§ What to do:
A complete answer includes every line below with the word "imports".

%%

(* The nilpotent Lie algebra $\mathfrak{h}_5\oplus\mathbb{R}^3$ admits weak HKT structures and does not admit any SKT structure. The Lie algebras $\mathfrak{h}_3^{\mathbb{C}}\oplus\mathbb{R}^2$ and $\mathfrak{h}_7^Q\oplus\mathbb{R}$ admit SKT structures and weak HKT structures.
   Context: $\mathfrak{h}_5$ is the $5$-dimensional Heisenberg Lie algebra (basis $e_1,\dots,e_5$ with dual basis satisfying $de^i=0$ for $i\le4$, $de^5=e^{12}+e^{34}$); $\mathfrak{h}_3^{\mathbb{C}}$ is the complex $3$-dimensional Heisenberg Lie algebra regarded as a real $6$-dimensional Lie algebra; $\mathfrak{h}_7^Q$ is the $7$-dimensional quaternionic Heisenberg Lie algebra (with $3$-dimensional center), given by $de^i=0$ for $i\le4$, $de^5=e^{12}+e^{34}$, $de^6=e^{13}-e^{24}$, $de^7=e^{14}+e^{23}$. An SKT structure on a Lie algebra is a complex structure $J$ together with a $J$-compatible inner product $g$ whose fundamental form $\omega=g(J\cdot,\cdot)$ satisfies $\partial\bar\partial\omega=0$. An HKT structure is a hypercomplex structure $(J_1,J_2,J_3)$ (complex structures with $J_1J_2=-J_2J_1=J_3$) with an inner product $g$ compatible with each $J_l$ such that $J_1d\omega_1=J_2d\omega_2=J_3d\omega_3$, where $\omega_l=g(J_l\cdot,\cdot)$; it is weak if the torsion $3$-form of the common Bismut connection is not closed. *)

theory Defs
  imports Complex_Main
begin

text \<open>
Concrete real Lie algebras of dimension n with basis e_1,...,e_n (indices 1..n).
Vectors are coordinate functions nat => 'a (real vectors, or complexified
vectors when 'a = complex) vanishing outside {1..n}.  A Lie algebra is given,
as in the paper, by the differentials of the dual 1-forms:
de k i j = (d e^k)(e_i, e_j), antisymmetric in i j.  With the Chevalley-Eilenberg
convention (d alpha)(x,y) = - alpha([x,y]) the bracket is
[e_i, e_j] = - sum_k de k i j e_k.
\<close>

definition inV :: "nat \<Rightarrow> (nat \<Rightarrow> 'a::zero) \<Rightarrow> bool" where
  "inV n x \<longleftrightarrow> (\<forall>i. i \<notin> {1..n} \<longrightarrow> x i = 0)"
(* In the setting of the SW-MOSS policy (see context) with $\eta>1/2$, for every arm $k\in\mathcal{K}$, every time $t\in\mathcal{T}$, every $x>0$ and every $l\ge 1$, the probability of the event $A=\{\hat\mu^k_{n_k(t)}+c_{n_k(t)}\le M_t^k-x,\ n_k(t)\ge l\}$ is at most \[\frac{(2\eta)^{3/2}}{\ln(2\eta)}\,\frac{K}{\tau x^2}\exp\!\big(-x^2 l/\eta\big),\] and the probability of the event $B=\{\hat\mu^k_{n_k(t)}-c_{n_k(t)}\ge M_t^k+x,\ n_k(t)\ge l\}$ is bounded by the same quantity.
   Context: Arms $\mathcal{K}=\{1,\dots,K\}$, times $\mathcal{T}=\{1,\dots,T\}$; rewards $X_t^k$ are independent with means $\mu_t^k$ and satisfy: for all $\lambda\in\mathbb{R}$, $\mathbb{E}[\exp(\lambda(X_t^k-\mu_t^k))]\le\exp(\lambda^2/8)$, and $\mu_t^k\in[a,a+b]$ for fixed $a\in\mathbb{R},b>0$. At time $t$ the chosen arm $\varphi_t$ depends only on past observations $\{(\varphi_s,X_s^{\varphi_s})\}_{s<t}$. SW-MOSS with budget $V_T>0$: $\tau=\lceil K^{1/3}(T/V_T)^{2/3}\rceil$, first select each arm once; then at each $t$, with window $\mathcal{W}_t=\{\max(1,t-\tau),\dots,t-1\}$, $n_k(t)=\sum_{s\in\mathcal{W}_t}\mathbf{1}\{\varphi_s=k\}$, $\hat\mu^k_{n_k(t)}=\frac{1}{n_k(t)}\sum_{s\in\mathcal{W}_t}X_s^{\varphi_s}\mathbf{1}\{\varphi_s=k\}$, $c_n=\sqrt{\eta\max(\ln(\tau/(Kn)),0)/n}$, select $\varphi_t=\arg\max_k\hat\mu^k_{n_k(t)}+c_{n_k(t)}$. Define $M_t^k=\frac{1}{n_k(t)}\sum_{s\in\mathcal{W}_t}\mu_s^k\mathbf{1}\{\varphi_s=k\}$. *)

theory Defs
  imports "HOL-Probability.Probability"
begin
lemma dist_sum_frontier_convex_cone_le:
  fixes K :: "'a::euclidean_space set"
  assumes "closed K" and "convex K" and "cone K" and "K \<noteq> {}" and "x \<notin> K" and "y \<notin> K"
  obtains z where "z \<in> frontier K"
    and "(dist x z + dist z y)\<^sup>2 \<le> (dist x y)\<^sup>2 + 4 * infdist x (frontier K) * infdist y (frontier K)"
proof -
  obtain z where "z \<in> frontier K"
    and zmin: "\<And>w. w \<in> K \<Longrightarrow> dist x z + dist z y \<le> dist x w + dist w y"
    using frontier_dist_sum_attains_inf[OF assms(1,4,5)] by blast
  have "frontier K \<subseteq> K"
    using assms(1) frontier_subset_closed by blast
  define n where "n = sgn (z - x) + sgn (z - y)"
  define dx dy where "dx = infdist x (frontier K)" and "dy = infdist y (frontier K)"
  note normal = dist_sum_minimizer_cone_normal[OF assms(2,3) _ assms(5,6) zmin, folded n_def]
  have "- inner n x \<le> norm n * dx" and "- inner n y \<le> norm n * dy"
    unfolding dx_def dy_def using \<open>z \<in> frontier K\<close> \<open>frontier K \<subseteq> K\<close> normal
    by (auto intro!: neg_inner_le_norm_mult_infdist)
  then have "norm n * (dist x z * norm n) \<le> norm n * (2 * dx)"
    and "norm n * (dist z y * norm n) \<le> norm n * (2 * dy)"
    using normal \<open>z \<in> frontier K\<close> \<open>frontier K \<subseteq> K\<close> by (auto simp: power2_eq_square mult_ac)
  then have excess: "dist x z * dist z y * (norm n)\<^sup>2 \<le> 4 * dx * dy"
  proof (cases "n = 0")
    case False
    assume "norm n * (dist x z * norm n) \<le> norm n * (2 * dx)"
      and "norm n * (dist z y * norm n) \<le> norm n * (2 * dy)"
    with False have "dist x z * norm n \<le> 2 * dx" and "dist z y * norm n \<le> 2 * dy"
      by (simp_all add: mult_le_cancel_left_pos)
    then have "(dist x z * norm n) * (dist z y * norm n) \<le> (2 * dx) * (2 * dy)"
      by (rule mult_mono) (auto simp: dx_def infdist_nonneg)
    then show ?thesis
      by (simp add: power2_eq_square mult_ac)
  qed (simp add: dx_def dy_def infdist_nonneg)
  have "(dist x z + dist z y)\<^sup>2 = (norm (z - x) + norm (z - y))\<^sup>2"
    by (simp add: dist_norm norm_minus_commute)
  also have "\<dots> = (dist x y)\<^sup>2 + dist x z * dist z y * (norm n)\<^sup>2"
    unfolding n_def norm_add_norm_power2 by (simp add: dist_norm norm_minus_commute)
  finally show ?thesis
    using excess \<open>z \<in> frontier K\<close> that unfolding dx_def dy_def by force
qed
lemma less_of_card_less:
  assumes "card {c\<in>C. c < (x::nat)} < card {c\<in>C. c < y}"
  shows "x < y"
proof (rule ccontr)
  assume "\<not> x < y"
  then have "card {c\<in>C. c < y} \<le> card {c\<in>C. c < x}" by (intro card_mono) auto
  then show False using assms by simp
qed

text \<open>Raising the largest parts of \<open>\<alpha> \<supseteq> \<mu>\<close> by \<open>w > 0\<close> makes room for an extra column in the
  first row of \<open>\<mu>\<close>: keep the rows embedding \<open>\<mu>\<close>, but replace the first one by row 0 and add
  the last column of the raised row 0. As \<open>\<mu> 1 < \<mu> 0\<close>, the other kept rows are strictly shorter
  than the first one, so they are not raised.\<close>

lemma contains_raise_top:
  assumes \<alpha>: "partition \<alpha>" "0 < \<alpha> 0" "contains \<alpha> \<mu>" and \<mu>: "\<mu> 1 < \<mu> 0" and w: "0 < w"
  shows "contains (raise_top \<alpha> w) (padd \<mu> (rect 1 1))"
proof -
  obtain f C where f: "strict_mono f" and fC: "\<And>a. \<mu> a = card {c\<in>C. c < \<alpha> (f a)}"
    using \<alpha>(3) unfolding contains_def by blast
  have f10: "\<alpha> (f 1) < \<alpha> (f 0)" using \<mu> fC[of 0] fC[of 1] less_of_card_less by metis
  define \<beta> where "\<beta> = raise_top \<alpha> w"
  have a0: "\<alpha> (f 0) \<le> \<alpha> 0" using partition_antimono[OF \<alpha>(1)] by simp
  have fa: "\<alpha> (f a) < \<alpha> (f 0)" if "0 < a" for a
  proof -
    have "f 1 \<le> f a" using that f by (simp add: strict_mono_less_eq)
    then show ?thesis using f10 partition_antimono[OF \<alpha>(1)] by (meson le_less_trans)
  qed
  have \<beta>a: "\<beta> (f a) = \<alpha> (f a)" if "0 < a" for a
  proof -
    have "\<not> f a < mult \<alpha>" using fa[OF that] a0 mult_iff[OF \<alpha>(1,2)] by simp
    then show ?thesis by (simp add: \<beta>_def raise_top_def padd_def rect_def)
  qed
  have \<beta>0: "\<beta> 0 = \<alpha> 0 + w"
    using mult_pos[OF \<alpha>(1,2)] by (simp add: \<beta>_def raise_top_def padd_def rect_def)
  define f' where "f' a = (if a = 0 then 0 else f a)" for a
  have "strict_mono f'"
  proof (rule strict_monoI)
    fix x y :: nat assume "x < y"
    then show "f' x < f' y" using f le_less_trans[of 0 "f x" "f y"] by (simp add: f'_def strict_mono_def)
  qed
  define C' where "C' = insert (\<alpha> 0 + w - 1) {c\<in>C. c < \<alpha> (f 0)}"
  have "padd \<mu> (rect 1 1) a = card {c\<in>C'. c < \<beta> (f' a)}" for a
  proof (cases "a = 0")
    case True
    have "{c\<in>C'. c < \<beta> (f' a)} = insert (\<alpha> 0 + w - 1) {c\<in>C. c < \<alpha> (f 0)}"
      using True \<beta>0 a0 w by (auto simp: C'_def f'_def)
    moreover have "\<alpha> 0 + w - 1 \<notin> {c\<in>C. c < \<alpha> (f 0)}" using a0 w by auto
    ultimately show ?thesis using True fC[of 0] by (simp add: padd_def rect_def)
  next
    case False
    then have "{c\<in>C'. c < \<beta> (f' a)} = {c\<in>C. c < \<alpha> (f a)}"
      using \<beta>a[of a] fa[of a] a0 by (auto simp: C'_def f'_def)
    then show ?thesis using False fC[of a] by (simp add: padd_def rect_def)
  qed
  then show ?thesis unfolding contains_def \<beta>_def using \<open>strict_mono f'\<close> by blast
qed

lemma contains_raise_top_strict:
  assumes \<mu>: "strict_partition \<mu>" and \<alpha>: "partition \<alpha>" "0 < \<alpha> 0" "contains \<alpha> \<mu>" and w: "0 < w"
  shows "contains (raise_top \<alpha> w) (padd \<mu> (rect 1 1))"
proof (cases "\<mu> 0 = 0")
  case True
  have "partition \<mu>" using \<mu> unfolding strict_partition_def by simp
  then have "\<mu> i = 0" for i using True partition_antimono[of \<mu> 0 i] by simp
  then have "padd \<mu> (rect 1 1) = rect 1 1" by (simp add: padd_def)
  then show ?thesis
    using contains_rect_one_one[OF partition_raise_top raise_top_pos] \<alpha>(1,2) by simp
next
  case False
  have "\<mu> 0 \<noteq> \<mu> 1" using \<mu> False unfolding strict_partition_def by (metis neq0_conv zero_neq_one)
  moreover have "\<mu> 1 \<le> \<mu> 0" using \<mu> partition_antimono[of \<mu> 0 1] unfolding strict_partition_def by simp
  ultimately show ?thesis using contains_raise_top[OF \<alpha>] w by simp
qed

%%

§ Answer to this task:
  imports Complex_Main
  imports "HOL-Probability.Probability"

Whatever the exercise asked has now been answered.